Copy out the entries below exactly as they stand, but only from the line containing "(?c2' (X N2'" through the line containing "and let $(\mathbf".

[Stored data entries]
---

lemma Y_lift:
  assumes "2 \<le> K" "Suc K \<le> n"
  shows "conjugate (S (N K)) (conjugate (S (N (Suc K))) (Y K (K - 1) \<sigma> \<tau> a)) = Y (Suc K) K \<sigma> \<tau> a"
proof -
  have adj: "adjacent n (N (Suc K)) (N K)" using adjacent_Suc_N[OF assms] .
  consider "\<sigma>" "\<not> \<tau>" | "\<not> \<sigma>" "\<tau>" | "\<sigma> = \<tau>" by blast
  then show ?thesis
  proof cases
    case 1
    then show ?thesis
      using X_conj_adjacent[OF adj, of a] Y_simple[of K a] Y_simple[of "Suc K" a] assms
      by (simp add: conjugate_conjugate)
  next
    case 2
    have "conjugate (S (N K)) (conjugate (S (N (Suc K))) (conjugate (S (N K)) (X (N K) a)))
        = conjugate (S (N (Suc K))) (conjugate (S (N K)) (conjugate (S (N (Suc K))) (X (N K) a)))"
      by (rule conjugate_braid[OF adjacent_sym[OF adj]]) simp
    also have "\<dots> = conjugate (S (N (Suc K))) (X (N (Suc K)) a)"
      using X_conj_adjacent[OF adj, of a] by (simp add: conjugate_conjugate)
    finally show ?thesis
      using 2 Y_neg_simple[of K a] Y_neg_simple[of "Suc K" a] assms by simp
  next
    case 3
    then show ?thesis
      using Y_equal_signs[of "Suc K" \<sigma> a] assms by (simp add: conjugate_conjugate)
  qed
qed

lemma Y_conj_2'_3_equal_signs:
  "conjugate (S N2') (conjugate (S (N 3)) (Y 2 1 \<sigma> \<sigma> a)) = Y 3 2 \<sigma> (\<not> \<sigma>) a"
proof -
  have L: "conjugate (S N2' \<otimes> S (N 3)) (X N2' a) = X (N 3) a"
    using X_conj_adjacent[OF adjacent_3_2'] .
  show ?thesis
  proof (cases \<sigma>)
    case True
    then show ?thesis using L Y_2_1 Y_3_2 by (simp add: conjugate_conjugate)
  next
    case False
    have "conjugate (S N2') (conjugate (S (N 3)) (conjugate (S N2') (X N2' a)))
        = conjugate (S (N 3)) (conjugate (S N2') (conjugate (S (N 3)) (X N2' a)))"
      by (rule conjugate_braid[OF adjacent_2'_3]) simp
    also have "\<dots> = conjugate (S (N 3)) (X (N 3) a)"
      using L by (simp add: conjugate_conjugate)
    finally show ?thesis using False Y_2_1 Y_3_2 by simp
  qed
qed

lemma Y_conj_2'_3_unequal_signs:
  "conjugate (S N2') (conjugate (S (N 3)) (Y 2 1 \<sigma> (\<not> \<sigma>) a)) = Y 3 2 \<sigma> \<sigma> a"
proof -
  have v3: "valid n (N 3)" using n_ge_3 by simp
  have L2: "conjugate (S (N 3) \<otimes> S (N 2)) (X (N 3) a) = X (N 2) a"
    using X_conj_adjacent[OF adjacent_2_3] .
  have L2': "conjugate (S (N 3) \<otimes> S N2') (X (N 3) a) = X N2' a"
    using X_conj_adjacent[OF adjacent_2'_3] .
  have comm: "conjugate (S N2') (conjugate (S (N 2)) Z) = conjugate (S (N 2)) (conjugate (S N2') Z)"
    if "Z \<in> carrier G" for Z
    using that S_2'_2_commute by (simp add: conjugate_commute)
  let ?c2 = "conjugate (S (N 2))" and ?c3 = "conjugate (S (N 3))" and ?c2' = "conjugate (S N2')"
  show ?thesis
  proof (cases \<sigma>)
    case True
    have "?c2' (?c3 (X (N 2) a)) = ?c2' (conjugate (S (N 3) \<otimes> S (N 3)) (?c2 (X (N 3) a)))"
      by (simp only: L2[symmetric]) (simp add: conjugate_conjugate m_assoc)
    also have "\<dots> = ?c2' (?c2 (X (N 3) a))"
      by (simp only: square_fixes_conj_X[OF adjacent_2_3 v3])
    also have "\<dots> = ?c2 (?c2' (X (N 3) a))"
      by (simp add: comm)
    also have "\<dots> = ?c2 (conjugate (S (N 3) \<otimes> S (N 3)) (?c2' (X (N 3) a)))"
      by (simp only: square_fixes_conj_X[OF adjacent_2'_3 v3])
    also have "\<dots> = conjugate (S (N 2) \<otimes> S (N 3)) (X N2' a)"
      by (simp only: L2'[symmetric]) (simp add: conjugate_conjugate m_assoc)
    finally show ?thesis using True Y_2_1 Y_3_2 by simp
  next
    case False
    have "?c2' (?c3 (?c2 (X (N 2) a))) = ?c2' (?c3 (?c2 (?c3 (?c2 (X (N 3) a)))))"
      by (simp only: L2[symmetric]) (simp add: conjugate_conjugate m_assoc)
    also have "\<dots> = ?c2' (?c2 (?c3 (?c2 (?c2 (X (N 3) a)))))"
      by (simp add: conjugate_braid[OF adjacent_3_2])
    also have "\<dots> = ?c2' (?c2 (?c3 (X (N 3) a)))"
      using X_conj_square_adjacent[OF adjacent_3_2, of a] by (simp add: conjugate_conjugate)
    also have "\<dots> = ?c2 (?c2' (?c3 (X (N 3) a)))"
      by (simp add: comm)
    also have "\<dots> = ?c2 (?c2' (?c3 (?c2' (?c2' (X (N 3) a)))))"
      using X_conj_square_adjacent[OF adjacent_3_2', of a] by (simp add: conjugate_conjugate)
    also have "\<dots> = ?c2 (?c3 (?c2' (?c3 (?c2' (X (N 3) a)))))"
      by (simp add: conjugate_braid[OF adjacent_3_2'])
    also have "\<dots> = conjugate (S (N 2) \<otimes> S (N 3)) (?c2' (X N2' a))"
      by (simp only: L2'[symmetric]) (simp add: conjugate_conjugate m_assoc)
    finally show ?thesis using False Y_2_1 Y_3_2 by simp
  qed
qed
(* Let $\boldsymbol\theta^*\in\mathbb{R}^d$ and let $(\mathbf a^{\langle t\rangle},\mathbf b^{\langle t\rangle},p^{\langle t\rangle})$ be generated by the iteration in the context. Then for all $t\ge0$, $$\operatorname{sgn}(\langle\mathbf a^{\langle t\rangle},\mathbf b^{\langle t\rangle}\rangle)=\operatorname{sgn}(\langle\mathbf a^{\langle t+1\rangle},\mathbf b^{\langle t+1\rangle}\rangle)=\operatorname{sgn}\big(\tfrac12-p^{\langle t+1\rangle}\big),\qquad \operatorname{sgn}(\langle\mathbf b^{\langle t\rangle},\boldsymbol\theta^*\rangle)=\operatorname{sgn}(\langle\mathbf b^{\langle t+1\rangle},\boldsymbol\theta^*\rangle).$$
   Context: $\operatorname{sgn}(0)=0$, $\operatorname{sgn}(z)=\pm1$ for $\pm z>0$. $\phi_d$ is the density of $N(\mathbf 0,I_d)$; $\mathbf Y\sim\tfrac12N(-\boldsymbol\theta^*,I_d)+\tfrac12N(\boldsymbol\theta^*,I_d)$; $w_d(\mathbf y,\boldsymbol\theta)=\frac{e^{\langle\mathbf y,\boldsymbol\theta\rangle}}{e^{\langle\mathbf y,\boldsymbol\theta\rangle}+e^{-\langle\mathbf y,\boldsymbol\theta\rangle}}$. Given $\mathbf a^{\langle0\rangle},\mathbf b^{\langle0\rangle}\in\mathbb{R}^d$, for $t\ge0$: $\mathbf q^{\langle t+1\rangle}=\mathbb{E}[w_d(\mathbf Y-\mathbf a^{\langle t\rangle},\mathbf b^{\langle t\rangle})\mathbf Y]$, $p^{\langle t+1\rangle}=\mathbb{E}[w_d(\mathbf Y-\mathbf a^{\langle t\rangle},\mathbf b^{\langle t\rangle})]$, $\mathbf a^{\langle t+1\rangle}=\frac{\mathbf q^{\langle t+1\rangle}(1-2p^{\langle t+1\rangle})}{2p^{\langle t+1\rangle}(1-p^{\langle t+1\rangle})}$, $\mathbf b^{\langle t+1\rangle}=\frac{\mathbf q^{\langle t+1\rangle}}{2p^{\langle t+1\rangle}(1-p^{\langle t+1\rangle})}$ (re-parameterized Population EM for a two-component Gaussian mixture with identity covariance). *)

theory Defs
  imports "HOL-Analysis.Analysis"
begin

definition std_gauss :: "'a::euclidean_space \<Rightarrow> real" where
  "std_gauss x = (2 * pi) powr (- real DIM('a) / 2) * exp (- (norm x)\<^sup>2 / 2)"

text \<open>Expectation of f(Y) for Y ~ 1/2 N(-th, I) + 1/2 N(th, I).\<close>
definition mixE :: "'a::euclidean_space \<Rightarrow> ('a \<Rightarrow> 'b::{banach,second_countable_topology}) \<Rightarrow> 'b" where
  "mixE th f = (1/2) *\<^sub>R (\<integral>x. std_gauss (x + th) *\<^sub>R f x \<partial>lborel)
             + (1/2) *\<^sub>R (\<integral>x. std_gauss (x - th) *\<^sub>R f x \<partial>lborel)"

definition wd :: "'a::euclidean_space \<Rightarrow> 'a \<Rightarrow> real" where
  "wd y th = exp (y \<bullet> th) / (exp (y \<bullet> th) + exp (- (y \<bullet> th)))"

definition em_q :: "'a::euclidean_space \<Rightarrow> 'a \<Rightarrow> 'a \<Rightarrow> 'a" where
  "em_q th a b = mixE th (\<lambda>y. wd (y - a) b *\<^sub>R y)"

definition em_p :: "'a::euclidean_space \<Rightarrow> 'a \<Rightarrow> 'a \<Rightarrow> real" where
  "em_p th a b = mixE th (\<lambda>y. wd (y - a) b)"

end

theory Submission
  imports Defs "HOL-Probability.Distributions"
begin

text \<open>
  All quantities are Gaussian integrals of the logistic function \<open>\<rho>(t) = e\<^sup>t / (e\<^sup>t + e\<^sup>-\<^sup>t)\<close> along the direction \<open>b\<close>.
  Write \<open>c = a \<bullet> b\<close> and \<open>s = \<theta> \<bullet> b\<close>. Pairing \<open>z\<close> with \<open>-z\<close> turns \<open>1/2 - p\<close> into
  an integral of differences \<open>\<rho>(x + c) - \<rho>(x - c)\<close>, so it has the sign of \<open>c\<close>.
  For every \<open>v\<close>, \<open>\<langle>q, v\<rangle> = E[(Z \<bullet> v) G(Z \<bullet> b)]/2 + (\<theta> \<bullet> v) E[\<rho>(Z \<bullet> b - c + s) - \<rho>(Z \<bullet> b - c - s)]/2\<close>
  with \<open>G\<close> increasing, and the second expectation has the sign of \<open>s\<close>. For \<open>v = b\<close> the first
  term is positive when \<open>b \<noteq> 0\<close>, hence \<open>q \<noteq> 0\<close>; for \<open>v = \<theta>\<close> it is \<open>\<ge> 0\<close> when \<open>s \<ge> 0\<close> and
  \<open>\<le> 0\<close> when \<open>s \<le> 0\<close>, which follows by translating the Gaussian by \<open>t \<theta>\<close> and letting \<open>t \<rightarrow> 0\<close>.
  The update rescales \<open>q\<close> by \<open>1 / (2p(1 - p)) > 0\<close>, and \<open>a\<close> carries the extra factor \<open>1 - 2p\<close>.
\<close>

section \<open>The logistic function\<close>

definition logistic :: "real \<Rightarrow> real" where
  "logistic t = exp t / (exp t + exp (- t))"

---

Answer to this exercise:
    also have "\<dots> = conjugate (S (N 2) \<otimes> S (N 3)) (?c2' (X N2' a))"
      by (simp only: L2'[symmetric]) (simp add: conjugate_conjugate m_assoc)
    finally show ?thesis using False Y_2_1 Y_3_2 by simp
  qed
qed
(* Let $\boldsymbol\theta^*\in\mathbb{R}^d$ and let $(\mathbf a^{\langle t\rangle},\mathbf b^{\langle t\rangle},p^{\langle t\rangle})$ be generated by the iteration in the context. Then for all $t\ge0$, $$\operatorname{sgn}(\langle\mathbf a^{\langle t\rangle},\mathbf b^{\langle t\rangle}\rangle)=\operatorname{sgn}(\langle\mathbf a^{\langle t+1\rangle},\mathbf b^{\langle t+1\rangle}\rangle)=\operatorname{sgn}\big(\tfrac12-p^{\langle t+1\rangle}\big),\qquad \operatorname{sgn}(\langle\mathbf b^{\langle t\rangle},\boldsymbol\theta^*\rangle)=\operatorname{sgn}(\langle\mathbf b^{\langle t+1\rangle},\boldsymbol\theta^*\rangle).$$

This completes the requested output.